深雪开玩笑般说道。当然,她故意说得让周围人都能听到。阿响皱皱鼻子。
“我属于动脑派,一般不会做那种工作。你不知道吗?”
青柳去房间拿来了起子。后藤接过起子,负责起余下的工作。
(说起来,他擅长做这种事情。)
在初中阶段,深雪曾和后藤同过一次班。在那年的文化节上,他们开设模拟商店,在制作招牌等木工活时,他曾相当踊跃。
所有钉子都被起开,盖子被打开,里面放着五个瓶子,周围空隙处用报纸填充。
和十年前封闭盖子时完全一样。

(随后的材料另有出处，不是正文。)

(* Let $\mathbb{E}$ be a finitely complete category, $\Sigma$ a fibrational class of split epimorphisms in $\mathbb{E}$, and suppose $\mathbb{E}$ is a $\Sigma$-Mal'tsev category. Then every $\Sigma$-relation $S$ on an object $X$ is transitive, and every symmetric $\Sigma$-relation on $X$ is an equivalence relation.
   Context: A split epimorphism is a pair $(f,s)$ with $f\colon X\to Y$, $s\colon Y\to X$, $fs=1_Y$ (the splitting is part of the data). A class $\Sigma$ of split epimorphisms is fibrational if it contains every split epimorphism $(f,s)$ with $f$ an isomorphism and is stable under pullback: if $(f,s)\colon X\rightleftarrows Y$ is in $\Sigma$ and $g\colon Y'\to Y$ is any morphism, the pulled-back split epimorphism $(f',s')\colon Y'\times_Y X\rightleftarrows Y'$, $s'=(1_{Y'},sg)$, is in $\Sigma$. A pair of morphisms with common codomain $Z$ is jointly extremally epic if it does not factor jointly through any monomorphism into $Z$ which is not an isomorphism. $\mathbb{E}$ is a $\Sigma$-Mal'tsev category if for every split epimorphism $(f,s)\colon X\rightleftarrows Y$ in $\Sigma$ and every split epimorphism $(g,t)$ with $g\colon Y'\to Y$, $gt=1_Y$, letting $X'=Y'\times_Y X$ be the pullback of $f$ along $g$, $s'=(1_{Y'},sg)\colon Y'\to X'$ and $\bar t=(tf,1_X)\colon X\to X'$, the pair $(s',\bar t)$ is jointly extremally epic. A $\Sigma$-relation on $X$ is a reflexive relation $(d_0,d_1)\colon S\rightarrowtail X\times X$ with reflexivity map $s_0\colon X\to S$ such that the split epimorphism $(d_0,s_0)$ belongs to $\Sigma$. *)

theory Defs
  imports Main
begin

text \<open>Categories given by a set of objects, a set of arrows, domain, codomain,
identities and (partial) composition. ccomp C g f denotes g after f.\<close>

record ('o, 'a) category =
  Ob :: "'o set"
  Ar :: "'a set"
  cdom :: "'a \<Rightarrow> 'o"
  ccod :: "'a \<Rightarrow> 'o"
  cid :: "'o \<Rightarrow> 'a"
  ccomp :: "'a \<Rightarrow> 'a \<Rightarrow> 'a"

definition is_category :: "('o, 'a) category \<Rightarrow> bool" where
  "is_category C \<longleftrightarrow>
     (\<forall>f\<in>Ar C. cdom C f \<in> Ob C \<and> ccod C f \<in> Ob C) \<and>
     (\<forall>X\<in>Ob C. cid C X \<in> Ar C \<and> cdom C (cid C X) = X \<and> ccod C (cid C X) = X) \<and>
     (\<forall>f\<in>Ar C. \<forall>g\<in>Ar C. ccod C f = cdom C g \<longrightarrow>
        ccomp C g f \<in> Ar C \<and> cdom C (ccomp C g f) = cdom C f \<and> ccod C (ccomp C g f) = ccod C g) \<and>
     (\<forall>f\<in>Ar C. ccomp C (cid C (ccod C f)) f = f \<and> ccomp C f (cid C (cdom C f)) = f) \<and>
     (\<forall>f\<in>Ar C. \<forall>g\<in>Ar C. \<forall>h\<in>Ar C. ccod C f = cdom C g \<and> ccod C g = cdom C h \<longrightarrow>
        ccomp C h (ccomp C g f) = ccomp C (ccomp C h g) f)"

definition hom :: "('o, 'a) category \<Rightarrow> 'a \<Rightarrow> 'o \<Rightarrow> 'o \<Rightarrow> bool" where
  "hom C f X Y \<longleftrightarrow> f \<in> Ar C \<and> cdom C f = X \<and> ccod C f = Y"

definition is_mono :: "('o, 'a) category \<Rightarrow> 'a \<Rightarrow> bool" where
  "is_mono C m \<longleftrightarrow> m \<in> Ar C \<and>
     (\<forall>g h. g \<in> Ar C \<and> h \<in> Ar C \<and> ccod C g = cdom C m \<and> ccod C h = cdom C m \<and>
        cdom C g = cdom C h \<and> ccomp C m g = ccomp C m h \<longrightarrow> g = h)"

definition is_iso :: "('o, 'a) category \<Rightarrow> 'a \<Rightarrow> bool" where
  "is_iso C f \<longleftrightarrow> f \<in> Ar C \<and>
     (\<exists>g. hom C g (ccod C f) (cdom C f) \<and> ccomp C g f = cid C (cdom C f) \<and>
          ccomp C f g = cid C (ccod C f))"

definition is_terminal :: "('o, 'a) category \<Rightarrow> 'o \<Rightarrow> bool" where
  "is_terminal C T \<longleftrightarrow> T \<in> Ob C \<and> (\<forall>X\<in>Ob C. \<exists>!t. hom C t X T)"

definition is_pullback :: "('o, 'a) category \<Rightarrow> 'a \<Rightarrow> 'a \<Rightarrow> 'o \<Rightarrow> 'a \<Rightarrow> 'a \<Rightarrow> bool" where
  "is_pullback C f g P p q \<longleftrightarrow>
     f \<in> Ar C \<and> g \<in> Ar C \<and> ccod C f = ccod C g \<and>
     hom C p P (cdom C f) \<and> hom C q P (cdom C g) \<and> ccomp C f p = ccomp C g q \<and>
     (\<forall>W a b. hom C a W (cdom C f) \<and> hom C b W (cdom C g) \<and> ccomp C f a = ccomp C g b \<longrightarrow>
        (\<exists>!u. hom C u W P \<and> ccomp C p u = a \<and> ccomp C q u = b))"

definition is_product :: "('o, 'a) category \<Rightarrow> 'o \<Rightarrow> 'o \<Rightarrow> 'o \<Rightarrow> 'a \<Rightarrow> 'a \<Rightarrow> bool" where
  "is_product C X Y P p1 p2 \<longleftrightarrow>
     hom C p1 P X \<and> hom C p2 P Y \<and>
     (\<forall>W a b. hom C a W X \<and> hom C b W Y \<longrightarrow>
        (\<exists>!u. hom C u W P \<and> ccomp C p1 u = a \<and> ccomp C p2 u = b))"

definition finitely_complete :: "('o, 'a) category \<Rightarrow> bool" where
  "finitely_complete C \<longleftrightarrow> is_category C \<and> (\<exists>T. is_terminal C T) \<and>
     (\<forall>f g. f \<in> Ar C \<and> g \<in> Ar C \<and> ccod C f = ccod C g \<longrightarrow>
        (\<exists>P p q. is_pullback C f g P p q))"

definition split_epi :: "('o, 'a) category \<Rightarrow> 'a \<Rightarrow> 'a \<Rightarrow> bool" where
  "split_epi C f s \<longleftrightarrow> f \<in> Ar C \<and> hom C s (ccod C f) (cdom C f) \<and>
     ccomp C f s = cid C (ccod C f)"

他们使用的瓶子就是当时这个房子里的威士忌酒瓶和速溶咖啡的空瓶等。各个瓶子上都贴着写有每个人名字的标签。
“哎呀,这是我的!”
后藤首先伸手拿起一个四方形的威士忌酒瓶。在透明的酒瓶中,能看见一张被折得小小的白纸片。
后藤左手握着自己的瓶子,用右手依次拿出剩下的四个瓶子,确认过标签后,分别交给各自的主人。
“这个是杉江的,这个是莲见的吧,那么这个就是……”接过写着自己名字的瓶子,深雪把它举到眼前,借助光线,透过深绿色玻璃看起来。没错,里面有一张纸片。
但是没有一个人试图马上打开瓶盖。
深雪想——这是为什么呢?
里面的内容,当事人自然知道。纸片上的“梦想”和现在的自己,这也已经明了。那么究竟为何要犹豫不决,不愿在这里拿出纸片呢?
当时,有人提议大家比一比,看看十年后,谁更接近自己的梦想,大家都表示赞同。为了烘托气氛,青柳还主动说要提供那幅画作为“奖品”。但是,那幅画现在已经荡然无存。
事实上,那不过是个游戏。深雪觉得不会有人把那个当真。可以说,那不过是一个借口一样的“约定”——经过十年的漫长岁月,相同的朋友再次聚集到这里。
但是,为什么?为什么现在,拿着这个“时间容器”,心中会如此躁动呢?
就深雪本人而言,“结果”已经清楚。正如她告诉阿叶的,当时,她把“和警视厅帅气的刑警结婚”作为自己的梦想,记录在这张纸片上。那梦想几乎和她现在的情况完全一致。如果这样,现在不是没必要如此紧张吗?
“请大家到屋子里来吧。”
青柳说道。
脱了鞋子,正要进去,深雪看见将手伸进放在地上的木箱中的阿响。于是,她仔细看着,心里纳闷他要干什么。只见他拿出一张皱巴巴的旧报纸,揉成更小的一团,放进上衣口袋里。
我所在意的不是别人,而是我自己。
一只手拿着瓶子,走在通向客厅的走廊上时,深雪下了如此的结论。
高中一年级夏天的梦想是否实现,这不是问题的关键。而是要有心理准备,去面对十年前的自己。难道不是这样吗?不是从过去到现在,而是反方向,从现在到过去——现在的自己如何看待隔着十年时光的当时的自己。至少这个对自己而言,是一个重要的问题。深雪在心中如此思忖。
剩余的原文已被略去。